К хутору Яков подъезжал ночью. Кто его вез со станции Донецкой, он не знал. Он ехал по родным местам, где с детства был знаком каждый кустик, каждая былинка, и вместе с тем чувствовал, что едет, как по чужой земле, по незнакомой ухабистой дороге, едет в темень, неизвестно куда и зачем. И ему хотелось повернуть назад и скорей уехать экспрессом подальше от этих мест и никогда больше не возвращаться.
— Расскажи что-нибудь, — обернулся он к подводчику. — Ты кундрючевский?
— Садковский я, — ответил хозяин подводы и спросил: — А об чем рассказать? Про манифестецкий бунт кундрючевский, так про это все знают, потому на нас, мужиков, чертом власти смотрят после него, да и казаки кое-какие.
— Это почему же? — насторожился Яков.
— А бог их знает, — уклонился мужик и неохотно добавил — Красного петуха тут кое-кому пустили, я слыхал. Нефадея Загорулькина и атамана попалили, потому, сказывают, дюже люто они обошлись с мужиками, какие за волю и правду стали говорить.
Яков нахмурился и больше не стал ни расспрашивать, ни слушать хозяина подводы, говорившего о каких-то своих хуторских непорядках и о поджоге чьего-то имения.

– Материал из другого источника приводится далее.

lemma mat_exp_mult_vec_zero:
  assumes "(A::real^'n^'n) *v x = 0"
  shows "mat_exp A *v x = x"
proof -
  have "(mat_exp A *v x) $ i = x $ i" for i
  proof -
    have "(\<lambda>k. \<Sum>j\<in>UNIV. mat_pow A k $ i $ j / fact k * x $ j)
        sums (\<Sum>j\<in>UNIV. mat_exp A $ i $ j * x $ j)"
      by (intro sums_sum sums_mult2 mat_exp_entry_sums)
    moreover have "(\<Sum>j\<in>UNIV. mat_pow A k $ i $ j / fact k * x $ j) = (if k = 0 then x $ i else 0)"
      for k using mat_pow_mult_vec_zero[OF assms, of k]
      by (auto simp: vec_eq_iff matrix_vector_mult_def sum_divide_distrib[symmetric])
    ultimately have "(\<lambda>k. if k = 0 then x $ i else 0) sums (mat_exp A *v x) $ i"
      by (simp add: matrix_vector_mult_def)
    then show ?thesis
      using sums_single[of 0 "\<lambda>_. x $ i"] by (simp add: sums_unique2)
  qed
  then show ?thesis
    by (simp add: vec_eq_iff)
qed

lemma mat_exp_scaleR_idempotent:
  assumes "(P::real^'n^'n) ** P = P"
  shows "mat_exp (c *\<^sub>R P) = mat 1 + (exp c - 1) *\<^sub>R P"
proof -
  have "mat_exp (c *\<^sub>R P) $ i $ j = exp c * P $ i $ j + (mat 1 $ i $ j - P $ i $ j)" for i j
  proof -
    have "(\<lambda>k. mat_pow (c *\<^sub>R P) k $ i $ j / fact k)
        = (\<lambda>k. c ^ k /\<^sub>R fact k * P $ i $ j + (if k = 0 then mat 1 $ i $ j - P $ i $ j else 0))"
      by (auto simp: fun_eq_iff mat_pow_scaleR mat_pow_idempotent[OF assms] divide_inverse)
    moreover have "\<dots> sums (exp c * P $ i $ j + (mat 1 $ i $ j - P $ i $ j))"
      using sums_single[of 0 "\<lambda>_. mat 1 $ i $ j - P $ i $ j"]
      by (intro sums_add sums_mult2 exp_converges) simp
    ultimately have "(\<lambda>k. mat_pow (c *\<^sub>R P) k $ i $ j / fact k)
        sums (exp c * P $ i $ j + (mat 1 $ i $ j - P $ i $ j))"
      by simp
    then show ?thesis
      by (rule sums_unique2[OF mat_exp_entry_sums])
  qed
  then show ?thesis
    by (simp add: vec_eq_iff algebra_simps)
qed

lemma laplacian_entry:
  "laplacian E $ u $ v = (if u = v then real (card {w. E u w}) else if E u v then -1 else 0)"
  by (simp add: laplacian_def)

lemma laplacian_mult_ones:
  assumes "simple_graph E"
  shows "laplacian E *v 1 = 0"
proof -
  have "(\<Sum>v\<in>UNIV. laplacian E $ u $ v) = 0" for u
  proof -
    have "\<not> E u u"
      using assms by (simp add: simple_graph_def)
    then have "(\<Sum>v\<in>UNIV. laplacian E $ u $ v)
        = (\<Sum>v\<in>UNIV. (if v = u then real (card {w. E u w}) else 0) - (if E u v then 1 else 0))"
      by (intro sum.cong) (auto simp: laplacian_entry)
    also have "\<dots> = 0"
      by (simp add: sum_subtractf sum.If_cases)
    finally show ?thesis .
  qed
  then show ?thesis
    by (simp add: vec_eq_iff matrix_vector_mult_def)
qed

definition centering_matrix :: "real^'n^'n" where
  "centering_matrix = (\<chi> i j. (if i = j then 1 else 0) - 1 / real CARD('n))"

lemma centering_matrix_idempotent:
  "centering_matrix ** centering_matrix = (centering_matrix :: real^'n^'n)"
proof -
  define c where "c = 1 / real CARD('n)"
  have Nc: "real CARD('n) * c = 1"
    by (simp add: c_def)
  have "((if i = w then 1 else 0) - c) * ((if w = j then 1 else 0) - c)
      = (if w = i then (if i = j then 1 else 0) - c else 0) - (if w = j then c else 0) + c\<^sup>2"
    for i j w :: 'n
    by (auto simp: algebra_simps power2_eq_square)
  then have "(\<Sum>w\<in>UNIV. ((if i = w then 1 else 0) - c) * ((if w = j then 1 else 0) - c))
      = (if i = j then 1 else 0) - c - c + real CARD('n) * c * c" for i j :: 'n
    by (simp add: sum.distrib sum_subtractf power2_eq_square)
  then show ?thesis
    by (simp add: vec_eq_iff matrix_mult_entry centering_matrix_def c_def[symmetric] Nc)
qed

lemma laplacian_complete_graph:
  fixes E :: "'v::finite \<Rightarrow> 'v \<Rightarrow> bool"
  assumes "simple_graph E" and "complete_graph E"
  shows "laplacian E = real CARD('v) *\<^sub>R centering_matrix"
proof -
  have "{w. E u w} = UNIV - {u}" for u
    using assms by (auto simp: simple_graph_def complete_graph_def)
  then have "real (card {w. E u w}) = real CARD('v) - 1" for u
    by (simp add: card_Diff_singleton of_nat_diff Suc_le_eq)
  then show ?thesis
    using assms(2)
    by (auto simp: vec_eq_iff laplacian_entry centering_matrix_def complete_graph_def right_diff_distrib)
qed

lemma heat_kernel_complete_graph_nonneg:
  fixes E :: "'v::finite \<Rightarrow> 'v \<Rightarrow> bool"
  assumes "simple_graph E" and "complete_graph E" and "t \<ge> 0"
  shows "0 \<le> mat_exp ((- t) *\<^sub>R (laplacian E ** laplacian E)) $ u $ v"
proof -
  define N where "N = real CARD('v)"
  define c where "c = - t * N\<^sup>2"
  have "(- t) *\<^sub>R (laplacian E ** laplacian E) = c *\<^sub>R centering_matrix"
    by (simp add: laplacian_complete_graph[OF assms(1,2)] scaleR_matrix_mult_left
        scaleR_matrix_mult_right centering_matrix_idempotent c_def N_def power2_eq_square)
  then have heat_kernel: "mat_exp ((- t) *\<^sub>R (laplacian E ** laplacian E))
      = mat 1 + (exp c - 1) *\<^sub>R centering_matrix"
    by (simp only: mat_exp_scaleR_idempotent[OF centering_matrix_idempotent])
  have "mat_exp ((- t) *\<^sub>R (laplacian E ** laplacian E)) $ u $ v
      = exp c * (if u = v then 1 else 0) + (1 - exp c) / N"
    unfolding heat_kernel by (simp add: centering_matrix_def N_def algebra_simps diff_divide_distrib)
  moreover have "exp c \<le> 1"
    using assms(3) by (simp add: c_def)
  ultimately show ?thesis
    by (simp add: N_def)
qed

Пришел Яков к своему подворью и не узнал его. Тесовые высокие ворота стояли на своем месте, но за ними не было ни дома, ни амбара, ни сараев и лишь чернота зияла на их месте да в воздухе все еще стоял запах гари.

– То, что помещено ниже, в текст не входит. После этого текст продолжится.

lemma ex1_singleton_value:
  assumes x: "x \<in> X" and l: "l \<in> \<Omega>"
  shows "\<exists>!v. v \<in> Ob \<and> \<xi> {x} l (\<lambda>_\<in>{x}. v) = 1"
proof -
  obtain k where k: "k \<in> OpO Ob {x}" "\<xi> {x} l k = 1"
    using xi_deterministic[OF singleton_OpM[OF x] l] .
  then have "k = (\<lambda>_\<in>{x}. k x)" "k x \<in> Ob"
    unfolding OpO_def by (auto simp: PiE_iff extensional_def)
  moreover have "v = v'" if "\<xi> {x} l (\<lambda>_\<in>{x}. v) = 1" "\<xi> {x} l (\<lambda>_\<in>{x}. v') = 1" for v v'
  proof (rule ccontr)
    assume "v \<noteq> v'"
    then have "(\<lambda>_\<in>{x}. v') \<noteq> (\<lambda>_\<in>{x}. v)" by (metis restrict_apply' singletonI)
    then show False using xi_eq_0_if_other[OF singleton_OpM[OF x] l that(1)] that(2) by simp
  qed
  ultimately show ?thesis using k(2) by metis
qed

lemma ontic_value_in: "x \<in> X \<Longrightarrow> l \<in> \<Omega> \<Longrightarrow> ontic_value l x \<in> Ob"
  and xi_ontic_value: "x \<in> X \<Longrightarrow> l \<in> \<Omega> \<Longrightarrow> \<xi> {x} l (\<lambda>_\<in>{x}. ontic_value l x) = 1"
  using theI'[OF ex1_singleton_value] unfolding ontic_value_def by auto

lemma ontic_value_unique:
  "x \<in> X \<Longrightarrow> l \<in> \<Omega> \<Longrightarrow> v \<in> Ob \<Longrightarrow> \<xi> {x} l (\<lambda>_\<in>{x}. v) = 1 \<Longrightarrow> ontic_value l x = v"
  using the1_equality[OF ex1_singleton_value] unfolding ontic_value_def by auto

lemma ontic_value_PiE: "l \<in> \<Omega> \<Longrightarrow> ontic_value l \<in> X \<rightarrow>\<^sub>E Ob"
  using ontic_value_in unfolding ontic_value_def by auto

lemma xi_eq_indicator:
  assumes U: "U \<in> OpM Mc" and l: "l \<in> \<Omega>"
  shows "\<xi> U l k = (if k = restrict (ontic_value l) U then 1 else 0)"
proof -
  obtain k0 where k0: "k0 \<in> OpO Ob U" "\<xi> U l k0 = 1" using xi_deterministic[OF U l] .
  have "k0 x = restrict (ontic_value l) U x" for x
  proof (cases "x \<in> U")
    case True
    then have x: "x \<in> X" using OpM_subset[OF U] by auto
    have "\<xi> {x} l (restrict k0 {x}) = 1"
      using xi_restrict[OF U singleton_OpM[OF x] _ l k0(2)] True by simp
    moreover have "restrict k0 {x} = (\<lambda>_\<in>{x}. k0 x)" by auto
    moreover have "k0 x \<in> Ob" using k0(1) True unfolding OpO_def by auto
    ultimately show ?thesis using ontic_value_unique[OF x l] True by simp
  qed (use k0(1) in \<open>auto simp: OpO_def\<close>)
  then have "k0 = restrict (ontic_value l) U" by auto
  then show ?thesis using k0(2) xi_eq_0_if_other[OF U l k0(2)] by auto
qed

definition value_distribution :: "'s \<Rightarrow> ('x \<Rightarrow> 'o) \<Rightarrow> real" where
  "value_distribution \<sigma> s = (\<Sum>\<^sub>\<infinity>l\<in>\<Omega>. if ontic_value l = s then \<mu> \<sigma> l else 0)"

lemma has_sum_value_distribution:
  assumes "\<sigma> \<in> S"
  shows "((\<lambda>l. if ontic_value l = s then \<mu> \<sigma> l else 0) has_sum value_distribution \<sigma> s) \<Omega>"
proof -
  have "\<mu> \<sigma> summable_on \<Omega>" using mu_has_sum[OF assms] by (rule has_sum_imp_summable)
  then have "(\<lambda>l. if ontic_value l = s then \<mu> \<sigma> l else 0) summable_on \<Omega>"
    by (rule summable_on_comparison_test) (simp_all add: mu_nonneg[OF assms])
  then show ?thesis unfolding value_distribution_def by (simp add: summable_iff_has_sum_infsum[symmetric])
qed

lemma value_distribution_eq_0: "(\<And>l. l \<in> \<Omega> \<Longrightarrow> ontic_value l \<noteq> s) \<Longrightarrow> value_distribution \<sigma> s = 0"
  unfolding value_distribution_def by (rule infsum_0) auto

lemma has_sum_value_distribution_event:
  assumes "\<sigma> \<in> S"
  shows "((\<lambda>l. if Q (ontic_value l) then \<mu> \<sigma> l else 0) has_sum
           (\<Sum>s\<in>X \<rightarrow>\<^sub>E Ob. if Q s then value_distribution \<sigma> s else 0)) \<Omega>"
proof -
  let ?T = "X \<rightarrow>\<^sub>E Ob"
  have fin: "finite ?T" by (simp add: finite_PiE finite_X finite_Ob)
  have "((\<lambda>l. \<Sum>s\<in>?T. if Q s then (if ontic_value l = s then \<mu> \<sigma> l else 0) else 0) has_sum
           (\<Sum>s\<in>?T. if Q s then value_distribution \<sigma> s else 0)) \<Omega>"
  proof (rule has_sum_sum[OF fin])
    fix s show "((\<lambda>l. if Q s then (if ontic_value l = s then \<mu> \<sigma> l else 0) else 0) has_sum
        (if Q s then value_distribution \<sigma> s else 0)) \<Omega>"
      using has_sum_value_distribution[OF assms] by (cases "Q s") simp_all
  qed
  moreover have "(\<Sum>s\<in>?T. if Q s then (if ontic_value l = s then \<mu> \<sigma> l else 0) else 0)
      = (if Q (ontic_value l) then \<mu> \<sigma> l else 0)" if "l \<in> \<Omega>" for l
  proof -
    have "(\<Sum>s\<in>?T. if Q s then (if ontic_value l = s then \<mu> \<sigma> l else 0) else 0)
        = (\<Sum>s\<in>?T. if ontic_value l = s then (if Q s then \<mu> \<sigma> l else 0) else 0)"
      by (rule sum.cong) auto
    then show ?thesis using ontic_value_PiE[OF that] fin by (simp add: sum.delta)
  qed
  ultimately show ?thesis by (subst (asm) has_sum_cong) simp_all
qed

lemma value_distribution_is_distribution:
  assumes \<sigma>: "\<sigma> \<in> S"
  shows "is_distribution_on (value_distribution \<sigma>) (X \<rightarrow>\<^sub>E Ob)"
  unfolding is_distribution_on_def
proof (intro conjI allI impI)
  show "0 \<le> value_distribution \<sigma> s" for s
    unfolding value_distribution_def by (rule infsum_nonneg) (simp add: mu_nonneg[OF \<sigma>])
  show "value_distribution \<sigma> s = 0" if "s \<notin> X \<rightarrow>\<^sub>E Ob" for s
    using that ontic_value_PiE by (metis value_distribution_eq_0)
  have "((\<lambda>l. if True then \<mu> \<sigma> l else 0) has_sum 1) \<Omega>" using mu_has_sum[OF \<sigma>] by simp
  then show "sum (value_distribution \<sigma>) (X \<rightarrow>\<^sub>E Ob) = 1"
    using has_sum_unique[OF has_sum_value_distribution_event[OF \<sigma>, of "\<lambda>_. True"]] by simp
qed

В глубине двора, из окна землянки, сиротливо пробивался красноватый огонек.
— Та-ак… Спалили! — упавшим голосом сказал Яков, стоя в загороженном плетнем проходе, и медленно вошел во двор.
Старая собака тявкнула на него откуда-то из темноты и умолкла. «Серко! Старый стал. А раньше зверь был», — вспомнил Яков и, подойдя к землянке, негромко постучал в дверь.
— Кто там? — отозвался слабый голос Дарьи Ивановны.
— Это я, мамаша, — ответил Яков, а у самого горло свело спазмой.
— Ох, сынок наш родной, Яша, погорели мы теперь на-вовсе! — заголосила Дарья Ивановна, открыв дверь и бросившись Якову на шею.
— Ничего, ничего, мамаша, успокойтесь…
Нефед Мироныч лежал на нарах, Алена и бабка — на старинной, потемневшей от времени деревянной кровати.
Услышав голос Якова, они встали и начали торопливо одеваться.
Яков остановился у порога, высокий в этой землянке, в блестящих сапогах, в бобровой шубе нараспашку и такой же шапке.
— Ну, здравствуйте! — угрюмо поздоровался он.
Нефед Мироныч видел: на потемневшем лице сына не дрогнул ни один мускул, черные глаза смотрели из-под черных бровей холодно, по-чужому. «Отца спалили, а у него даже ласкового слова язык не повернулся сказать. Сын называется. Эх!» — подумал он и, держась за левую сторону поясницы, кряхтя и кривясь от боли, опустил ноги на землю.
— Здравствуй, сынок, — ответил он наконец. — А мы только вчера послали тебе письмо. Видал небось, что с твоим батькой сделали?
— Видел… Кто это вас так? — не раздеваясь, спросил Яков и тяжело опустился на белый венский стул.
— Сваты, должно. Игнат и какие с ним были изверги, погибели на них нету, проклятых! — грубым, заспанным голосом ответила бабка.
— Должно… — повторил Яков и, подняв глаза на Алену, спросил: — А ты почему не у себя дома?